Lives lost in the Middle East must be honoured by redoubling efforts for peace

© David Woolfall/CC BY 3.0

The explosion of armed conflict and violence we have seen over the past week in the Middle East is highly concerning. I am deeply distressed by the civilian casualties in both Israel and Palestine. My thoughts are with the families who have lost innocent loved ones during this time. We must never lose sight of the fact that, behind the numbers and the statistics, are individual men, women and children. The pain for their friends and families is unimaginable.

These tragic events remind us that violence will never be the solution to the Israeli-Palestinian conflict. That’s why Labour Friends of Israel is calling for calm and an immediate de-escalation by all sides. There is a serious need for mature leadership – from Israelis and Palestinians – to work to defuse tensions and to end all unacceptable attacks on civilians without delay.

This weekend, we witnessed scenes of repulsive antisemitism in our country. For the last five years, we have been warned about where an extreme hatred of Israel and ‘Zionists’ could lead. Sadly, too many chose to ignore those warnings or to believe that they could continue to stoke rhetoric against the world’s only Jewish state without consequence. Let this weekend’s events end the argument: anti-Zionist antisemitism is a clear and present danger to Jews in Britain and around the world and we must speak out against it loudly and unequivocally.

The conflict between Israelis and the Palestinians is not one of victims and villains. As the Israeli novelist Amos Oz has said, this conflict is not a “struggle between good and evil, rather it is a tragedy in the ancient and most precise sense of the word: a clash between right and right, a clash between one very powerful, deep and convincing claim, and another very different but no less convincing, no less powerful, no less humane claim”. To dismiss the legitimacy of either the Israelis or the Palestinians is to perpetuate the problem.

Look at what has happened over the last week. More than 3,000 rockets have been fired indiscriminately at Israeli towns and cities by Hamas and other terrorist groups. These are not aimed at military targets, but at residential areas in order to create terror and maximise civilian casualties. We should be in absolutely no doubt that they are reprehensible terrorist attacks. There is no equivalence between the indiscriminate actions of Hamas and the targeted military response by a democratic ally with the right to self-defence.

Joe Biden’s administration has been unequivocal on this matter, with Secretary of State Tony Blinken stating: “There is a very clear, absolute distinction between the terrorist organisation Hamas that is indiscriminately raining down rockets targeting civilians, and Israel’s response defending itself targeting the terrorists.”

Israel has invested in unprecedented measures to keep its citizens safe due to the indiscriminate attacks Israelis face. The ‘iron dome’ defence system shoots rockets out of the sky. Israeli homes are built to include a bomb shelter. Compare this with the actions of Hamas, who not only construct terror tunnels instead of bomb shelters but purposefully endanger Gazans by deliberately using civilian areas to store and fire rockets. Even with Israel’s efforts to protect civilians, some rockets still get through and kill innocent people.

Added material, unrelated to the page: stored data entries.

lemma sum_weighted_degree: "(\<Sum>x\<in>V. (of_rat (weighted_degree E w x) :: real)) = 2 * (\<Sum>e\<in>E. of_rat (w e))"
proof -
  have "(\<Sum>e\<in>E. of_rat (w e) * real (card (e \<inter> V))) = (\<Sum>e\<in>E. 2 * (of_rat (w e) :: real))"
    using edge_card by (intro sum.cong refl) (simp add: Int_absorb2)
  then show ?thesis
    using sum_weighted_degree_indicator[of V] by (simp add: sum_distrib_left)
qed

lemma sum_weight_touching_le:
  "(\<Sum>e\<in>E. of_rat (w e) * (if e \<inter> X \<noteq> {} then 1 else 0))
     \<le> (\<Sum>x\<in>V. (of_rat (weighted_degree E w x)::real) * (if x \<in> X then 1 else 0))"
  unfolding sum_weighted_degree_indicator
proof (rule sum_mono)
  fix e assume e: "e \<in> E"
  have "finite e" using edge_card[OF e] finite_V finite_subset by blast
  then have "e \<inter> X \<noteq> {} \<Longrightarrow> 1 \<le> card (e \<inter> X)" by (simp add: Suc_le_eq card_gt_0_iff)
  then show "of_rat (w e) * (if e \<inter> X \<noteq> {} then 1 else 0) \<le> (of_rat (w e)::real) * real (card (e \<inter> X))"
    using w[OF e] by (auto intro!: mult_left_mono)
qed

lemma gaifman_graph_struct: "gaifman (graph_sig idx V) (graph_struct V E w idx) = (V, E)"
proof -
  let ?s = "graph_sig idx V" and ?A = "graph_struct V E w idx"
  have "e \<in> E" if e_gaif: "e \<in> edges (gaifman ?s ?A)" for e
  proof -
    obtain u v f xs where e: "e = {u, v}" "u \<noteq> v" "f \<in> sig_syms ?s"
      "xs \<in> tuples V (sig_ar ?s f)" "interp ?A f xs > 0" "u \<in> set xs" "v \<in> set xs"
      using e_gaif unfolding edges_gaifman dom_graph_struct by blast
    show "e \<in> E"
    proof (cases "f = 0")
      case True
      then have "(\<Sum>e\<in>E. if xs = edge_list e then w e else 0) \<noteq> 0"
        using e(5) by (simp add: graph_struct_def)
      then obtain e' where e': "e' \<in> E" "(if xs = edge_list e' then w e' else 0) \<noteq> 0"
        by (rule sum.not_neutral_contains_not_neutral)
      then have "u \<in> e'" "v \<in> e'" using e(6,7) set_edge_list[OF e'(1)] by (auto split: if_splits)
      moreover obtain a b where "e' = {a, b}"
        using edge_card[OF e'(1)] card_2_iff[of e'] by blast
      ultimately have "e' = {u, v}" using e(2) by auto
      then show ?thesis using e(1) e'(1) by simp
    next
      case False
      then obtain y where "xs = [y]" using e(4) by (auto simp: sig_ar_graph_sig tuples_Suc_0)
      then show ?thesis using e by auto
    qed
  qed
  moreover have "e \<in> edges (gaifman ?s ?A)" if e: "e \<in> E" for e
  proof (rule edge_list[of e])
    show "card e = 2" using edge_card e by auto
    fix a b assume ab: "edge_list e = [a, b]" "e = {a, b}" "a \<noteq> b"
    have "interp ?A 0 (edge_list e) > 0" using interp_graph_struct_edge_list[OF e] w[OF e] by simp
    moreover have "edge_list e \<in> tuples (dom ?A) (sig_ar ?s 0)"
      using edge_list_in_tuples[OF e] by (simp add: sig_ar_graph_sig)
    ultimately show "e \<in> edges (gaifman ?s ?A)"
      using gaifman_edgeI[of 0 ?s "edge_list e" ?A a b] ab by (simp add: sig_syms_graph_sig)
  qed
  ultimately have "edges (gaifman ?s ?A) = E" by blast
  then show ?thesis using graph_eq_pair[of "gaifman ?s ?A"] by simp
qed

lemma opt_edge_test_ge:
  assumes "V \<noteq> {}"
  shows "(\<Sum>e\<in>E. of_rat (w e)) \<le> opt (graph_sig idx V) (graph_struct V E w idx) (edge_test V E)"
proof -
  have "hom_value (graph_sig idx V) (graph_struct V E w idx) (edge_test V E) id = (\<Sum>e\<in>E. of_rat (w e))"
    unfolding hom_value_graph_struct by (simp add: edge_test_def set_edge_list cong: sum.cong)
  then show ?thesis
    using hom_value_le_opt[of "graph_struct V E w idx" "edge_test V E" id "graph_sig idx V"] finite_V
    by (simp add: edge_test_def)
qed

lemma opt_vertex_test_ge:
  assumes "V \<noteq> {}"
  shows "2 * (\<Sum>e\<in>E. of_rat (w e)) \<le> opt (graph_sig idx V) (graph_struct V E w idx) (vertex_test V idx)"
proof -
  have "hom_value (graph_sig idx V) (graph_struct V E w idx) (vertex_test V idx) id = 2 * (\<Sum>e\<in>E. of_rat (w e))"
    unfolding hom_value_graph_struct sum_weighted_degree[symmetric] by (simp add: vertex_test_def)
  then show ?thesis
    using hom_value_le_opt[of "graph_struct V E w idx" "vertex_test V idx" id "graph_sig idx V"] finite_V
    by (simp add: vertex_test_def)
qed

lemma decoding_test_edge_in_gaifman:
  assumes e: "e \<in> E" and h: "h ` V \<subseteq> dom B"
    and pos: "interp (decoding_test B idx g) 0 (map h (edge_list e)) \<noteq> 0"
  shows "h ` e \<in> edges (gaifman (graph_sig idx V) B)"
proof (rule edge_list[of e])
  show "card e = 2" using edge_card[OF e] by simp
  fix a b assume ab: "edge_list e = [a, b]" "e = {a, b}" "a \<noteq> b"
  have "interp B 0 [h a, h b] > 0" "h a \<noteq> h b"
    using pos ab by (auto simp: decoding_test_def split: if_splits)
  moreover have "[h a, h b] \<in> tuples (dom B) (sig_ar (graph_sig idx V) 0)"
    using h edge_card[OF e] ab by (auto simp: tuples_def sig_ar_graph_sig)
  ultimately show "h ` e \<in> edges (gaifman (graph_sig idx V) B)"
    using gaifman_edgeI[of 0 "graph_sig idx V" "[h a, h b]" B "h a" "h b"] ab
    by (simp add: sig_syms_graph_sig)
qed

lemma broken_edges_weight_le:
  assumes h: "h ` V \<subseteq> dom B" and g: "g ` dom B \<subseteq> V" and wsum: "(\<Sum>e\<in>E. of_rat (w e) :: real) = 1"
  shows "(\<Sum>e\<in>broken_edges E (unfaithful V g h) (gaifman (graph_sig idx V) B) h. of_rat (w e))
     \<le> 3 - hom_value (graph_sig idx V) (graph_struct V E w idx) (decoding_test B idx g) h"
proof -
  let ?X = "unfaithful V g h" and ?F = "broken_edges E (unfaithful V g h) (gaifman (graph_sig idx V) B) h"
  define c where "c e = (of_rat (interp (decoding_test B idx g) 0 (map h (edge_list e))) :: real)" for e
  define touch where "touch e = (if e \<inter> ?X \<noteq> {} then 1 else 0 :: real)" for e
  have c01: "c e = 0 \<or> c e = 1" for e unfolding c_def decoding_test_def by auto
  have unary: "of_rat (interp (decoding_test B idx g) (Suc (idx x)) [h x]) = (if x \<in> ?X then 0 else 1 :: real)"
    if x: "x \<in> V" for x
  proof -
    have "g (h x) \<in> V" using x h g by auto
    then show ?thesis using x h idx by (auto simp: decoding_test_def unfaithful_def inj_on_def)
  qed
  have "?F \<subseteq> E" unfolding broken_edges_def by auto
  then have "(\<Sum>e\<in>?F. of_rat (w e)) = (\<Sum>e\<in>E. if e \<in> ?F then of_rat (w e) else 0 :: real)"
    using sum.inter_restrict[OF finite_E, of "\<lambda>e. (of_rat (w e)::real)" ?F]
    by (simp add: Int_absorb1)
  also have "\<dots> \<le> (\<Sum>e\<in>E. of_rat (w e) * ((1 - c e) + touch e))"
  proof (rule sum_mono)
    fix e assume e: "e \<in> E"
    have "e \<in> ?F \<Longrightarrow> 1 \<le> (1 - c e) + touch e"
      using c01[of e] decoding_test_edge_in_gaifman[OF e h, of g]
      by (auto simp: c_def touch_def broken_edges_def)
    moreover have "0 \<le> (1 - c e) + touch e" using c01[of e] by (auto simp: touch_def)
    ultimately show "(if e \<in> ?F then of_rat (w e) else 0) \<le> of_rat (w e) * ((1 - c e) + touch e)"
      using w[OF e] mult_left_mono[of 1 "(1 - c e) + touch e" "of_rat (w e)"] by auto
  qed
  also have "\<dots> = 1 - (\<Sum>e\<in>E. of_rat (w e) * c e) + (\<Sum>e\<in>E. of_rat (w e) * touch e)"
    using wsum by (simp add: algebra_simps sum.distrib sum_subtractf)
  also have "(\<Sum>e\<in>E. of_rat (w e) * touch e)
      \<le> (\<Sum>x\<in>V. of_rat (weighted_degree E w x) * (if x \<in> ?X then 1 else 0))"
    unfolding touch_def by (rule sum_weight_touching_le)
  also have "\<dots> = 2 - (\<Sum>x\<in>V. of_rat (weighted_degree E w x) * (if x \<in> ?X then 0 else 1))"
  proof -
    have "(\<Sum>x\<in>V. of_rat (weighted_degree E w x) * (if x \<in> ?X then 1 else 0))
        + (\<Sum>x\<in>V. of_rat (weighted_degree E w x) * (if x \<in> ?X then 0 else 1))
        = (\<Sum>x\<in>V. (of_rat (weighted_degree E w x) :: real))"
      unfolding sum.distrib[symmetric] by (intro sum.cong) auto
    then show ?thesis using sum_weighted_degree wsum by linarith
  qed
  finally show ?thesis
    unfolding hom_value_graph_struct c_def by (simp add: unary)
qed

lemma nonempty_verts: "E \<noteq> {} \<Longrightarrow> V \<noteq> {}"
  using edge_card by fastforce

lemma opt_decoding_test_ge:
  assumes wsum: "(\<Sum>e\<in>E. of_rat (w e) :: real) = 1"
    and B: "is_struct (graph_sig idx V) B"
    and close: "d_opt (graph_sig idx V) (graph_struct V E w idx) B \<le> ereal \<epsilon>"
  obtains g where "g ` dom B \<subseteq> V" "exp (-\<epsilon>) * 3 \<le> opt (graph_sig idx V) B (decoding_test B idx g)"
proof -
  let ?s = "graph_sig idx V" and ?A = "graph_struct V E w idx"
  have "E \<noteq> {}" using wsum by auto
  then have V: "V \<noteq> {}" by (rule nonempty_verts)
  have finB: "finite (dom B)" using B unfolding is_struct_def by auto
  obtain g1 where g1: "g1 \<in> dom B \<rightarrow>\<^sub>E V" "opt ?s B (edge_test V E) = hom_value ?s B (edge_test V E) g1"
    by (rule opt_attained[of B "edge_test V E"]) (use finB finite_V V in \<open>auto simp: edge_test_def\<close>)
  obtain g where g: "g \<in> dom B \<rightarrow>\<^sub>E V" "opt ?s B (vertex_test V idx) = hom_value ?s B (vertex_test V idx) g"
    by (rule opt_attained[of B "vertex_test V idx"]) (use finB finite_V V in \<open>auto simp: vertex_test_def\<close>)
  have C1: "is_struct ?s (edge_test V E)" and C2: "is_struct ?s (vertex_test V idx)"
    using finite_V V by (auto simp: is_struct_def edge_test_def vertex_test_def)
  have g_maps: "g1 ` dom B \<subseteq> V" "g ` dom B \<subseteq> V" using g1(1) g(1) by auto
  have "exp (-\<epsilon>) * 1 \<le> opt ?s B (edge_test V E)"
    by (rule d_opt_le_imp_opt_ge[OF close B C1]) (use opt_edge_test_ge[OF V] wsum in simp_all)
  moreover have "exp (-\<epsilon>) * 2 \<le> opt ?s B (vertex_test V idx)"
    by (rule d_opt_le_imp_opt_ge[OF close B C2]) (use opt_vertex_test_ge[OF V] wsum in simp_all)
  moreover have "hom_value ?s B (edge_test V E) g1 + hom_value ?s B (vertex_test V idx) g
      \<le> hom_value ?s B (decoding_test B idx g) id"
    by (rule hom_value_decoding_test_ge[OF idx finite_V B g_maps]) (use edge_card in blast)
  moreover have "\<dots> \<le> opt ?s B (decoding_test B idx g)"
    by (rule hom_value_le_opt) (use finB in \<open>auto simp: decoding_test_def\<close>)
  ultimately have "exp (-\<epsilon>) * 3 \<le> opt ?s B (decoding_test B idx g)" using g1(2) g(2) by linarith
  then show ?thesis using that g_maps(2) by blast
qed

Last Wednesday, five-year-old Ido Avigal lost his life after rocket shrapnel punctured the window of his shelter. 52-year-old Khalil Awwad, and his 16-year-old daughter, Nadeen, were killed when a rocket landed near their car in the city of Lod. Theirs was an Arab Israeli family, prompting the local mayor to say that “Hamas missiles do not differentiate between Jews and Arabs”. An Indian migrant, 32-year-old Soumya Santosh, died when a rocket crashed into the Ashkelon home where she was caring for an 80-year-old woman. The nearest rocket shelter was at least a minute’s run away from the elderly woman’s home and the pair did not manage to reach it in time.

It is certainly the case that Israel is attempting to minimise civilian casualties. We know that the Israeli strikes have been targeted at senior Hamas military and intelligence operatives, its terror tunnels and rocket-launching facilities and infrastructure. But we must recognise that there can be no guaranteed failsafe measures in such a conflict and there have undoubtedly been many innocent Palestinian casualties, including 58 children, which is a matter of deep sadness.

Both Palestinian and Israeli mothers alike have had to bury their children over the last week. This must never be allowed to happen again. And the best way to honour those on both sides who have tragically lost their lives is to redouble our efforts for peace. However complex and difficult the roots of this conflict, there is only one way to bring it to an end, which is through a two-state solution. This, in turn, will only be achieved by the resumption of direct negotiations between the Israeli government and the Palestinian Authority. The peoples of Israel and Palestine have been let down for too long by their leaders, who have failed to show the courage and imagination to bring this conflict to an end. They deserve so much better.